The increase in NK cell cytotoxicity following exposure to HCMVsn occurred with both HCMV^pos and HCMV^neg healthy donors indicating that the NK cell response to cytokines produced by HCMV-infected cells is independent of previous sensitization from in vivo HCMV infection (Figures 1, 2). To investigate such responses along a continuum of NK cell adaptation to HCMV infection, we tested effects of HCMVsn and IFN-α2 with HIV-infected subjects whose NK cells spanned a broad range of adaptation in response to HCMV infection.

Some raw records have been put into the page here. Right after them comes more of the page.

(* Let $G$ be an $n\times n$ grid with $n$ even. Any initial configuration of $k\ge 3$ robots on distinct nodes of $G$ in which exactly one corner of the minimum enclosing square is occupied is gatherable despite at most one crash fault.
   Context: Model. The grid is the anonymous grid graph. A configuration is a map $f:V(G)\to\{0,1,2\}$ ($0$ empty, $1$ singleton, $2$ multiplicity = at least two robots). Robots are anonymous, identical, oblivious, cannot communicate, share no coordinate system, orientation or chirality, and run the same deterministic algorithm, in Look–Compute–Move cycles: snapshot of the whole configuration (global visibility, weak multiplicity detection), deterministic decision to stay or move to an adjacent node, instantaneous move. Fully asynchronous (finite but unbounded adversarial delays; every non-crashed robot activated infinitely often; moves may use outdated snapshots). At most one robot may crash at an adversarial time: it stops forever, stays visible, indistinguishable. Gatherable despite at most one crash fault: some such algorithm guarantees in every execution with at most one crash that after finite time all non-crashed robots are on one node and remain there. Minimum enclosing square (MES): the smallest square subgrid with the same geometric center as the grid containing all occupied nodes; its corners are its four corner nodes. *)

theory Defs
  imports Main
begin

type_synonym node = "nat \<times> nat"

definition grid :: "nat \<Rightarrow> node set" where
  "grid n = {(x, y). x < n \<and> y < n}"

definition adj :: "node \<Rightarrow> node \<Rightarrow> bool" where
  "adj u v \<longleftrightarrow> \<bar>int (fst u) - int (fst v)\<bar> + \<bar>int (snd u) - int (snd v)\<bar> = 1"

text \<open>Automorphisms of the (anonymous) grid graph: these model the arbitrary local
  coordinate systems (no common origin, orientation or chirality).\<close>
definition grid_aut :: "nat \<Rightarrow> (node \<Rightarrow> node) \<Rightarrow> bool" where
  "grid_aut n \<tau> \<longleftrightarrow> bij_betw \<tau> (grid n) (grid n) \<and>
     (\<forall>u\<in>grid n. \<forall>v\<in>grid n. adj (\<tau> u) (\<tau> v) \<longleftrightarrow> adj u v)"

text \<open>Values: 0 empty, 1 singleton, 2 multiplicity.\<close>
type_synonym config = "node \<Rightarrow> nat"

definition config_of :: "nat \<Rightarrow> nat \<Rightarrow> (nat \<Rightarrow> node) \<Rightarrow> config" where
  "config_of n k p x = (if x \<in> grid n then min 2 (card {r. r < k \<and> p r = x}) else 0)"

text \<open>The configuration as seen in a local frame \<tau> (\<tau> maps local nodes to global nodes).\<close>
definition view :: "nat \<Rightarrow> (node \<Rightarrow> node) \<Rightarrow> config \<Rightarrow> config" where
  "view n \<tau> c = (\<lambda>x. if x \<in> grid n then c (\<tau> x) else 0)"

text \<open>A deterministic algorithm maps the snapshot and the robot's own position (in its
  local frame) to its destination (in its local frame).\<close>
type_synonym algorithm = "config \<Rightarrow> node \<Rightarrow> node"

definition valid_alg :: "nat \<Rightarrow> algorithm \<Rightarrow> bool" where
  "valid_alg n A \<longleftrightarrow> (\<forall>c v. v \<in> grid n \<longrightarrow> A c v \<in> grid n \<and> (A c v = v \<or> adj v (A c v)))"

definition target :: "nat \<Rightarrow> algorithm \<Rightarrow> (node \<Rightarrow> node) \<Rightarrow> config \<Rightarrow> node \<Rightarrow> node" where
  "target n A \<tau> c v = \<tau> (A (view n \<tau> c) (inv_into (grid n) \<tau> v))"

text \<open>State: positions of robots and pending (already computed, possibly outdated)
  destinations. One atomic event per step, performed by robot r: a Look(+Compute) if r has
  no pending destination (frame chosen adversarially), otherwise a Move to the pending
  destination.\<close>
type_synonym state = "(nat \<Rightarrow> node) \<times> (nat \<Rightarrow> node option)"

definition robot_step :: "nat \<Rightarrow> nat \<Rightarrow> algorithm \<Rightarrow> nat \<Rightarrow> state \<Rightarrow> state \<Rightarrow> bool" where
  "robot_step n k A r s s' \<longleftrightarrow>
     (case snd s r of
        None \<Rightarrow> (\<exists>\<tau>. grid_aut n \<tau> \<and>
                  s' = (fst s, (snd s)(r := Some (target n A \<tau> (config_of n k (fst s)) (fst s r)))))
      | Some w \<Rightarrow> s' = ((fst s)(r := w), (snd s)(r := None)))"

definition execution :: "nat \<Rightarrow> nat \<Rightarrow> algorithm \<Rightarrow> (nat \<Rightarrow> node) \<Rightarrow>
    (nat \<Rightarrow> state) \<Rightarrow> (nat \<Rightarrow> nat option) \<Rightarrow> bool" where
  "execution n k A p0 s act \<longleftrightarrow>
     s 0 = (p0, (\<lambda>_. None)) \<and>
     (\<forall>t. case act t of
            None \<Rightarrow> s (Suc t) = s t
          | Some r \<Rightarrow> r < k \<and> robot_step n k A r (s t) (s (Suc t)))"

definition crash_fair :: "nat \<Rightarrow> (nat \<Rightarrow> nat option) \<Rightarrow> nat set \<Rightarrow> nat \<Rightarrow> bool" where
  "crash_fair k act C tc \<longleftrightarrow>
     C \<subseteq> {..<k} \<and> card C \<le> 1 \<and>
     (\<forall>t\<ge>tc. \<forall>r\<in>C. act t \<noteq> Some r) \<and>
     (\<forall>r<k. r \<notin> C \<longrightarrow> (\<forall>t. \<exists>t'\<ge>t. act t' = Some r))"

definition gathered_eventually :: "nat \<Rightarrow> (nat \<Rightarrow> state) \<Rightarrow> nat set \<Rightarrow> bool" where
  "gathered_eventually k s C \<longleftrightarrow>
     (\<exists>T g. \<forall>t\<ge>T. \<forall>r<k. r \<notin> C \<longrightarrow> fst (s t) r = g)"

definition gatherable_one_crash :: "nat \<Rightarrow> nat \<Rightarrow> (nat \<Rightarrow> node) \<Rightarrow> bool" where
  "gatherable_one_crash n k p0 \<longleftrightarrow>
     (\<exists>A. valid_alg n A \<and>
        (\<forall>s act C tc. execution n k A p0 s act \<and> crash_fair k act C tc \<longrightarrow>
            gathered_eventually k s C))"

definition csquare :: "nat \<Rightarrow> nat \<Rightarrow> node set" where
  "csquare n m = {(x, y). m \<le> x \<and> x + m < n \<and> m \<le> y \<and> y + m < n}"

definition mes_margin :: "nat \<Rightarrow> node set \<Rightarrow> nat" where
  "mes_margin n P = (GREATEST m. 2 * m < n \<and> P \<subseteq> csquare n m)"

definition mes_corners :: "nat \<Rightarrow> node set \<Rightarrow> node set" where
  "mes_corners n P = (let m = mes_margin n P; M = n - 1 - m in {(m, m), (m, M), (M, m), (M, M)})"

end

theory Submission
  imports Defs
begin

text \<open>The corner distance of a node, its Manhattan distance to the nearest corner of the grid,
  is invariant under grid automorphisms. If the MES has margin m, its corners have corner
  distance 2m and every other node of the MES has larger corner distance, so the unique occupied
  MES corner is the unique occupied node of minimal corner distance: an anchor that every robot
  recognises in its own frame. Each robot steps towards the anchor along a shortest path that
  stays inside the MES and avoids its other three corners, so the anchor stays unique, the robot
  on it (crashed or not) never moves, and twice the distance to the anchor, plus one while no
  move is pending, decreases at every activation of a robot away from the anchor.\<close>

definition mdist :: "node \<Rightarrow> node \<Rightarrow> nat" where
  "mdist u v = nat (\<bar>int (fst u) - int (fst v)\<bar> + \<bar>int (snd u) - int (snd v)\<bar>)"

lemma adj_iff_mdist: "adj u v \<longleftrightarrow> mdist u v = 1"
  unfolding adj_def mdist_def by auto

lemma mdist_triangle: "mdist u w \<le> mdist u v + mdist v w"
  unfolding mdist_def by auto

lemma mdist_eq_0_iff [simp]: "mdist u v = 0 \<longleftrightarrow> u = v"
  unfolding mdist_def by (cases u; cases v) auto

lemma mdist_self [simp]: "mdist u u = 0"
  by simp

lemma grid_mdist_Suc_step:
  assumes "u \<in> grid n" "v \<in> grid n" "mdist u v = Suc d"
  shows "\<exists>w\<in>grid n. adj u w \<and> mdist w v = d"
proof -
  obtain a b c e where uv: "u = (a, b)" "v = (c, e)" by (cases u; cases v)
  have bounds: "a < n" "b < n" "c < n" "e < n" using assms(1,2) uv by (auto simp: grid_def)
  have d: "nat (\<bar>int a - int c\<bar> + \<bar>int b - int e\<bar>) = Suc d"
    using assms(3) uv by (simp add: mdist_def)
  then consider "a < c" | "c < a" | "a = c" "b < e" | "a = c" "e < b" by linarith
  then show ?thesis
  proof cases
    case 1 show ?thesis
      by (rule bexI[of _ "(Suc a, b)"]) (use 1 bounds d uv in \<open>auto simp: adj_def mdist_def grid_def\<close>)
  next
    case 2 show ?thesis
      by (rule bexI[of _ "(a - 1, b)"]) (use 2 bounds d uv in \<open>auto simp: adj_def mdist_def grid_def\<close>)
  next
    case 3 show ?thesis
      by (rule bexI[of _ "(a, Suc b)"]) (use 3 bounds d uv in \<open>auto simp: adj_def mdist_def grid_def\<close>)
  next
    case 4 show ?thesis
      by (rule bexI[of _ "(a, b - 1)"]) (use 4 bounds d uv in \<open>auto simp: adj_def mdist_def grid_def\<close>)
  qed
qed

lemma grid_aut_bij: "grid_aut n \<tau> \<Longrightarrow> bij_betw \<tau> (grid n) (grid n)"
  unfolding grid_aut_def by blast

lemma grid_aut_in: "grid_aut n \<tau> \<Longrightarrow> x \<in> grid n \<Longrightarrow> \<tau> x \<in> grid n"
  using grid_aut_bij bij_betwE by blast

lemma grid_aut_adj:
  "grid_aut n \<tau> \<Longrightarrow> x \<in> grid n \<Longrightarrow> y \<in> grid n \<Longrightarrow> adj (\<tau> x) (\<tau> y) \<longleftrightarrow> adj x y"
  unfolding grid_aut_def by blast

lemma grid_aut_eq_iff:
  "grid_aut n \<tau> \<Longrightarrow> x \<in> grid n \<Longrightarrow> y \<in> grid n \<Longrightarrow> \<tau> x = \<tau> y \<longleftrightarrow> x = y"
  using grid_aut_bij bij_betw_imp_inj_on inj_on_eq_iff by metis

lemma grid_aut_surj: "grid_aut n \<tau> \<Longrightarrow> u \<in> grid n \<Longrightarrow> \<exists>x\<in>grid n. u = \<tau> x"
  using grid_aut_bij bij_betw_imp_surj_on by blast

lemma grid_aut_inv_into_left: "grid_aut n \<tau> \<Longrightarrow> x \<in> grid n \<Longrightarrow> inv_into (grid n) \<tau> (\<tau> x) = x"
  using grid_aut_bij bij_betw_inv_into_left by metis

lemma grid_aut_inv_into:
  assumes "grid_aut n \<tau>"
  shows "grid_aut n (inv_into (grid n) \<tau>)"
proof -
  have bij: "bij_betw (inv_into (grid n) \<tau>) (grid n) (grid n)"
    using bij_betw_inv_into[OF grid_aut_bij[OF assms]] .
  have "adj (inv_into (grid n) \<tau> u) (inv_into (grid n) \<tau> v) \<longleftrightarrow> adj u v"
    if "u \<in> grid n" "v \<in> grid n" for u v
    using that grid_aut_surj[OF assms] grid_aut_adj[OF assms] grid_aut_inv_into_left[OF assms]
    by metis
  then show ?thesis using bij unfolding grid_aut_def by blast
qed

lemma grid_aut_mdist_le:
  assumes "grid_aut n \<tau>" "u \<in> grid n" "v \<in> grid n"
  shows "mdist (\<tau> u) (\<tau> v) \<le> mdist u v"
  using assms(2)
proof (induction "mdist u v" arbitrary: u)
  case 0
  then show ?case by simp
next
  case (Suc d)
  then obtain w where w: "w \<in> grid n" "adj u w" "mdist w v = d"
    using grid_mdist_Suc_step assms(3) by metis
  have "mdist (\<tau> u) (\<tau> w) = 1"
    using w Suc.prems grid_aut_adj[OF assms(1)] by (simp add: adj_iff_mdist)
  moreover have "mdist (\<tau> w) (\<tau> v) \<le> d" using Suc.hyps(1) w by metis
  ultimately show ?case using mdist_triangle[of "\<tau> u" "\<tau> v" "\<tau> w"] Suc.hyps(2) by simp
qed

lemma grid_aut_mdist:
  assumes "grid_aut n \<tau>" "u \<in> grid n" "v \<in> grid n"
  shows "mdist (\<tau> u) (\<tau> v) = mdist u v"
proof (rule antisym)
  show "mdist (\<tau> u) (\<tau> v) \<le> mdist u v" using grid_aut_mdist_le assms .
  have "mdist (inv_into (grid n) \<tau> (\<tau> u)) (inv_into (grid n) \<tau> (\<tau> v)) \<le> mdist (\<tau> u) (\<tau> v)"
    using grid_aut_mdist_le[OF grid_aut_inv_into] grid_aut_in assms by blast
  then show "mdist u v \<le> mdist (\<tau> u) (\<tau> v)" using grid_aut_inv_into_left assms by simp
qed

definition grid_corners :: "nat \<Rightarrow> node set" where
  "grid_corners n = {(0, 0), (0, n - 1), (n - 1, 0), (n - 1, n - 1)}"

lemma grid_corners_subset: "n > 0 \<Longrightarrow> grid_corners n \<subseteq> grid n"
  by (auto simp: grid_corners_def grid_def)

text \<open>This is how automorphisms recognise the corners.\<close>

lemma grid_corner_iff_diametral:
  assumes "v \<in> grid n"
  shows "v \<in> grid_corners n \<longleftrightarrow> (\<exists>u\<in>grid n. mdist u v = 2 * (n - 1))"
proof
  obtain a b where v: "v = (a, b)" "a < n" "b < n" using assms by (auto simp: grid_def)
  {
    assume "v \<in> grid_corners n"
    then show "\<exists>u\<in>grid n. mdist u v = 2 * (n - 1)"
      using v by (intro bexI[of _ "(n - 1 - a, n - 1 - b)"]) (auto simp: grid_corners_def mdist_def grid_def)
  next
    assume "\<exists>u\<in>grid n. mdist u v = 2 * (n - 1)"
    then obtain c e where "c < n" "e < n" "nat (\<bar>int c - int a\<bar> + \<bar>int e - int b\<bar>) = 2 * (n - 1)"
      using v by (auto simp: grid_def mdist_def)
    then have "(a = 0 \<or> a = n - 1) \<and> (b = 0 \<or> b = n - 1)" using v by linarith
    then show "v \<in> grid_corners n" using v by (auto simp: grid_corners_def)
  }
qed

lemma grid_aut_grid_corners:
  assumes "grid_aut n \<tau>" "v \<in> grid_corners n" "n > 0"
  shows "\<tau> v \<in> grid_corners n"
proof -
  have v: "v \<in> grid n" using assms grid_corners_subset by blast
  then obtain u where "u \<in> grid n" "mdist u v = 2 * (n - 1)"
    using grid_corner_iff_diametral assms(2) by blast
  then show ?thesis
    using grid_corner_iff_diametral grid_aut_in grid_aut_mdist assms(1) v by metis
qed

definition corner_dist :: "nat \<Rightarrow> node \<Rightarrow> nat" where
  "corner_dist n v = min (fst v) (n - 1 - fst v) + min (snd v) (n - 1 - snd v)"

HCMVsn and IFN-α2 enhance NK cell ADCC in HIV-infected individuals

After establishing that NK cells from healthy donors respond rapidly, robustly and independent of HCMV serostatus to IFN-α2 produced by HCMV-infected fibroblasts, we next studied NK cell responses from HCMV^neg and HCMV^pos individuals within an HIV-infected study cohort. Since adapted NK cells exhibit enhanced CD16-mediated effector responses, we measured the impact of HCMVsn and IFN-α2 on NK cell ADCC in HIV infection and compared baseline levels of ADCC between three groups reflecting a broad range of NK cell adaptation to HCMV infection. General characteristics of the individuals and comparisons between HCMV-seronegative and seropositive groups are shown in Table 1. We selected three groups of HIV-infected study subjects, two distinguished by high (>20%) vs. low (<6%) fractions of NK cells expressing NKG2C and a third distinguished by seronegative HCMV status (Table 1). Nine of the 28 age- and sex-matched HIV-infected individuals selected for this study were HCMV-seronegative. The efficacy of antiretroviral therapy was roughly equivalent between groups as indicated by undetectable HIV viral loads (<50 copies HIV RNA/mL plasma). Neither nadir, nor current CD4^pos T cell counts, indicative of past disease progression and present immunological status, respectively, differed significantly between groups. All donors had a robust fraction of mature (CD57^pos) NK cells, independent of HCMV status or fraction of their NK cells expressing NKG2C. However, the percentage of NK cells expressing CD57 was significantly lower in the NKG2C^lo group than in the NKG2C^hi group (p = 0.0133, Mann–Whitney U-test), suggesting lesser overall NK cell maturation in the NKG2C^lo group (Table 1). There were no significant differences in either humoral (anti-CMV IgG levels) or cellular (% CD8^pos T cells specific for CMV pp65 and IE-1) immune responses against CMV between the HCMV^pos groups with high or low fractions of NK cells expressing NKG2C.

Table 1.

HIV-infected study subject characteristics.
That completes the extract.